• [Your goal]
Using the data below, work out how many lines contain "lemma", and report only that number.

[Stored entries]
definition padded_copies :: "nat \<Rightarrow> nat \<Rightarrow> nat \<Rightarrow> bool list \<Rightarrow> bool list" where
  "padded_copies n k c x = map (\<lambda>j. if j < k * n then x ! (j mod n) else False) [0..<ptr_len n k c]"

lemma length_padded_copies [simp]: "length (padded_copies n k c x) = ptr_len n k c"
  by (simp add: padded_copies_def)

lemma block_padded_copies:
  assumes "i < k" "length x = n"
  shows "block (padded_copies n k c x) n i = x"
  using assms copy_pos_lt_ptr_len[OF assms(1)] by (intro nth_equalityI) (simp_all add: padded_copies_def)

lemma block_of_consistent_padded_copies:
  assumes "consistent \<rho> (padded_copies n k c x)" "length x = n" "i < k"
  shows "consistent (block \<rho> n i) x" "psize (block \<rho> n i) \<le> psize \<rho>"
proof -
  have "i * n + n \<le> length \<rho>"
    using block_end_le[OF assms(3), of n] assms(1) by (simp add: consistent_def ptr_len_def)
  then show "consistent (block \<rho> n i) x" "psize (block \<rho> n i) \<le> psize \<rho>"
    using consistent_block[OF assms(1), of i n] block_padded_copies[OF assms(3,2)] psize_block_le assms(1)
    by (simp_all add: consistent_def)
qed

lemma not_ptr_fun_padded_copies:
  assumes "0 < k" "length x = n" "f x = None"
  shows "\<not> ptr_fun n k c f (padded_copies n k c x)"
  using block_forced_by_ptr_term[OF _ assms(1)] block_padded_copies[OF assms(1,2)] assms(3)
  by (fastforce simp: ptr_fun_def ptr_terms_def)

lemma ptr_term_compatible:
  assumes "length \<rho> = ptr_len n k c"
    and unread: "\<forall>j<length \<rho>. k * n \<le> j \<longrightarrow> \<rho> ! j \<noteq> None \<longrightarrow> (j - k * n) div (k * c * k) \<noteq> b"
    and copies: "\<forall>i<k. consistent (block \<rho> n i) (w i)"
  shows "\<forall>j<length \<rho>. \<rho> ! j = None \<or> ptr_term n k c b P w ! j = None \<or> \<rho> ! j = ptr_term n k c b P w ! j"
proof (intro allI impI)
  fix j assume j: "j < length \<rho>"
  show "\<rho> ! j = None \<or> ptr_term n k c b P w ! j = None \<or> \<rho> ! j = ptr_term n k c b P w ! j"
  proof (cases "j < k * n")
    case True
    define i p where "i = j div n" and "p = j mod n"
    have "0 < n"
      using True by (cases "n = 0") auto
    then have i: "i < k" and p: "p < n" and ip: "j = i * n + p"
      using True less_mult_imp_div_less[of j k n] by (auto simp: i_def p_def)
    have "\<rho> ! j = block \<rho> n i ! p"
      using p ip by simp
    moreover have "length (w i) = n"
      using copies i by (simp add: consistent_def)
    ultimately have "\<rho> ! j = None \<or> \<rho> ! j = Some (w i ! p)"
      using consistentD[OF copies[rule_format, OF i], of p] p by metis
    moreover have "ptr_term n k c b P w ! j = None \<or> ptr_term n k c b P w ! j = Some (w i ! p)"
      using True j assms(1) by (auto simp: nth_ptr_term ptr_entry_def i_def p_def)
    ultimately show ?thesis
      by auto
  next
    case False
    then show ?thesis
      using unread j assms(1) by (auto simp: nth_ptr_term ptr_entry_def)
  qed
qed

lemma ex_unread_block:
  assumes "psize \<rho> < n"
  obtains b where "b < n" "\<forall>j<length \<rho>. k * n \<le> j \<longrightarrow> \<rho> ! j \<noteq> None \<longrightarrow> (j - k * n) div W \<noteq> b"
proof -
  have "finite {j. j < length \<rho> \<and> \<rho> ! j \<noteq> None}"
    by simp
  then obtain b where "b < n" "b \<notin> (\<lambda>j. (j - k * n) div W) ` {j. j < length \<rho> \<and> \<rho> ! j \<noteq> None}"
    using ex_less_notin_image assms unfolding psize_def by blast
  then show ?thesis
    using that by blast
qed

lemma ex_forcing_extensions:
  assumes x: "length x = n" "f x = None" and c: "C_total n f \<le> c"
    and small: "\<And>i. i < k \<Longrightarrow> consistent (\<sigma> i) x \<and>
      psize (\<sigma> i) < C_at n f Sigbar0 x \<and> psize (\<sigma> i) < C_at n f Sigbar1 x"
  obtains Y P where "\<And>i. i < k \<Longrightarrow> length (Y i) = n \<and> consistent (\<sigma> i) (Y i) \<and>
    (\<forall>e<c. P i e < n) \<and> forces n f (P i ` {..<c}) (Y i) (v i)"
proof -
  have "\<forall>i. \<exists>y Q. i < k \<longrightarrow> length y = n \<and> consistent (\<sigma> i) y \<and>
      (\<forall>e<c. Q e < n) \<and> forces n f (Q ` {..<c}) y (v i)"
  proof (intro allI)
    fix i
    show "\<exists>y Q. i < k \<longrightarrow> length y = n \<and> consistent (\<sigma> i) y \<and>
      (\<forall>e<c. Q e < n) \<and> forces n f (Q ` {..<c}) y (v i)"
      using small_partial_input_extends_to_forcing[OF x(1) _ x(2) _ _ c] small by metis
  qed
  then obtain Y where "\<forall>i. \<exists>Q. i < k \<longrightarrow> length (Y i) = n \<and> consistent (\<sigma> i) (Y i) \<and>
      (\<forall>e<c. Q e < n) \<and> forces n f (Q ` {..<c}) (Y i) (v i)"
    by (metis choice)
  then obtain P where "\<forall>i. i < k \<longrightarrow> length (Y i) = n \<and> consistent (\<sigma> i) (Y i) \<and>
      (\<forall>e<c. P i e < n) \<and> forces n f (P i ` {..<c}) (Y i) (v i)"
    by (metis choice)
  then show ?thesis
    using that by blast
qed

lemma min_C_bar_le_psize_zero_cert:
  assumes x: "length x = n" "f x = None" and c: "C_total n f \<le> c"
    and cert: "is_cert (ptr_len n k c) (\<lambda>z. Some (ptr_fun n k c f z)) Sig0 \<rho> (padded_copies n k c x)"
  shows "min (C_at n f Sigbar0 x) (C_at n f Sigbar1 x) \<le> psize \<rho>"
proof (rule ccontr)
  assume "\<not> ?thesis"
  then have small: "psize \<rho> < C_at n f Sigbar0 x" "psize \<rho> < C_at n f Sigbar1 x"
    by auto
  have \<rho>: "consistent \<rho> (padded_copies n k c x)" "length \<rho> = ptr_len n k c"
    using cert by (simp_all add: is_cert_def consistent_def)
  have "psize \<rho> < n"
    using small(1) C_at_le_length[OF x(1), of f Sigbar0] x(2) by simp
  then obtain b where b: "b < n"
    "\<forall>j<length \<rho>. k * n \<le> j \<longrightarrow> \<rho> ! j \<noteq> None \<longrightarrow> (j - k * n) div (k * c * k) \<noteq> b"
    by (rule ex_unread_block)
  have "consistent (block \<rho> n i) x \<and>
      psize (block \<rho> n i) < C_at n f Sigbar0 x \<and> psize (block \<rho> n i) < C_at n f Sigbar1 x" if "i < k" for i
    using block_of_consistent_padded_copies[OF \<rho>(1) x(1) that] small by simp
  then obtain Y P where YP: "\<And>i. i < k \<Longrightarrow> length (Y i) = n \<and> consistent (block \<rho> n i) (Y i) \<and>
      (\<forall>e<c. P i e < n) \<and> forces n f (P i ` {..<c}) (Y i) (bit b i)"
    using ex_forcing_extensions[OF x c] by metis
  have "valid_ptr_term n k c f b P Y"
    using b(1) YP by (simp add: valid_ptr_term_def)
  moreover obtain z where z: "consistent \<rho> z" "consistent (ptr_term n k c b P Y) z"
  proof (rule consistent_common_extension)
    show "length \<rho> = length (ptr_term n k c b P Y)"
      using \<rho>(2) by simp
    show "\<forall>j<length \<rho>. \<rho> ! j = None \<or> ptr_term n k c b P Y ! j = None \<or> \<rho> ! j = ptr_term n k c b P Y ! j"
      using b(2) YP by (intro ptr_term_compatible[OF \<rho>(2)]) simp_all
  qed
  ultimately have "ptr_fun n k c f z"
    by (auto simp: ptr_fun_def ptr_terms_def)
  moreover have "length z = ptr_len n k c"
    using z(1) \<rho>(2) by (simp add: consistent_def)
  ultimately show False
    using cert z(1) by (simp add: is_cert_def)
qed

lemma C0_ptr_fun_ge:
  assumes "0 < k" "length x = n" "f x = None" "C_total n f \<le> c"
  shows "min (C_at n f Sigbar0 x) (C_at n f Sigbar1 x) \<le> C0_total (ptr_len n k c) (ptr_fun n k c f)"
proof -
  let ?g = "\<lambda>z. Some (ptr_fun n k c f z)"
  have z0: "length (padded_copies n k c x) = ptr_len n k c" "?g (padded_copies n k c x) \<in> Sig0"
    using not_ptr_fun_padded_copies[of k x n f c] assms(1-3) by simp_all
  obtain \<rho> where \<rho>: "is_cert (ptr_len n k c) ?g Sig0 \<rho> (padded_copies n k c x)"
    "psize \<rho> = C_at (ptr_len n k c) ?g Sig0 (padded_copies n k c x)"
    using C_at_minimal_cert[of "padded_copies n k c x" "ptr_len n k c" ?g Sig0] z0 by blast
  have "min (C_at n f Sigbar0 x) (C_at n f Sigbar1 x) \<le> psize \<rho>"
    using min_C_bar_le_psize_zero_cert[OF assms(2-4) \<rho>(1)] .
  also have "\<dots> \<le> C0_total (ptr_len n k c) (ptr_fun n k c f)"
    unfolding \<rho>(2) C0_total_def using z0 by (rule C_at_le_C_fun)
  finally show ?thesis .
qed

lemma ptr_len_le:
  assumes "c \<le> n"
  shows "ptr_len n k c \<le> 3 * n^2 * k^2"
proof -
  have "n * (k * c * k) \<le> n * (k * n * k)"
    using assms by simp
  moreover have "k * n \<le> n * (k * n * k)"
    using le_square[of "k * n"] by (simp add: algebra_simps)
  ultimately have "ptr_len n k c \<le> 2 * (n * (k * n * k))"
    unfolding ptr_len_def by linarith
  then show ?thesis
    by (simp add: power2_eq_square algebra_simps)
qed

lemma ptr_width_le:
  fixes k c :: nat
  assumes "1 \<le> k"
  shows "k * c + k * c * k \<le> 3 * c * k^2"
proof -
  have "k * c * 1 \<le> k * c * k"
    using assms by (rule mult_le_mono2)
  then show ?thesis
    by (simp add: power2_eq_square algebra_simps)
qed

theorem theorem2p2:
  fixes n :: nat and f :: "bool list \<Rightarrow> bool option" and x :: "bool list"
  assumes "n \<ge> 2" and "\<exists>m::nat. n = 2 ^ m"
    and "length x = n" and "f x = None"
  shows "\<exists>(N::nat) (g :: bool list \<Rightarrow> bool).
           real N \<le> 3 * (real n)^2 * (log 2 (real n))^2 \<and>
           C0_total N g \<ge> min (C_at n f Sigbar0 x) (C_at n f Sigbar1 x) \<and>
           real (UC1 N g) \<le> 3 * real (C_total n f) * (log 2 (real n))^2"
proof -
  obtain k where n: "n = 2 ^ k"
    using assms(2) by blast
  with assms(1) have k: "1 \<le> k"
    by (cases k) simp_all
  have log: "log 2 (real n) = real k"
    using n by (simp add: log_nat_power)
  define c where "c = C_total n f"
  have "c \<le> n"
    unfolding c_def C_total_def using C_fun_le_length[of n f] by simp
  then have "real (ptr_len n k c) \<le> real (3 * n^2 * k^2)"
    using ptr_len_le by (simp only: of_nat_le_iff)
  moreover have "min (C_at n f Sigbar0 x) (C_at n f Sigbar1 x) \<le> C0_total (ptr_len n k c) (ptr_fun n k c f)"
    using C0_ptr_fun_ge k assms(3,4) c_def by simp
  moreover have "real (UC1 (ptr_len n k c) (ptr_fun n k c f)) \<le> real (3 * c * k^2)"
    using UC1_ptr_fun_le[OF n] ptr_width_le[OF k] by (simp only: of_nat_le_iff) (rule le_trans)
  ultimately show ?thesis
    unfolding log c_def by auto
qed

end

• [Problem solution]
11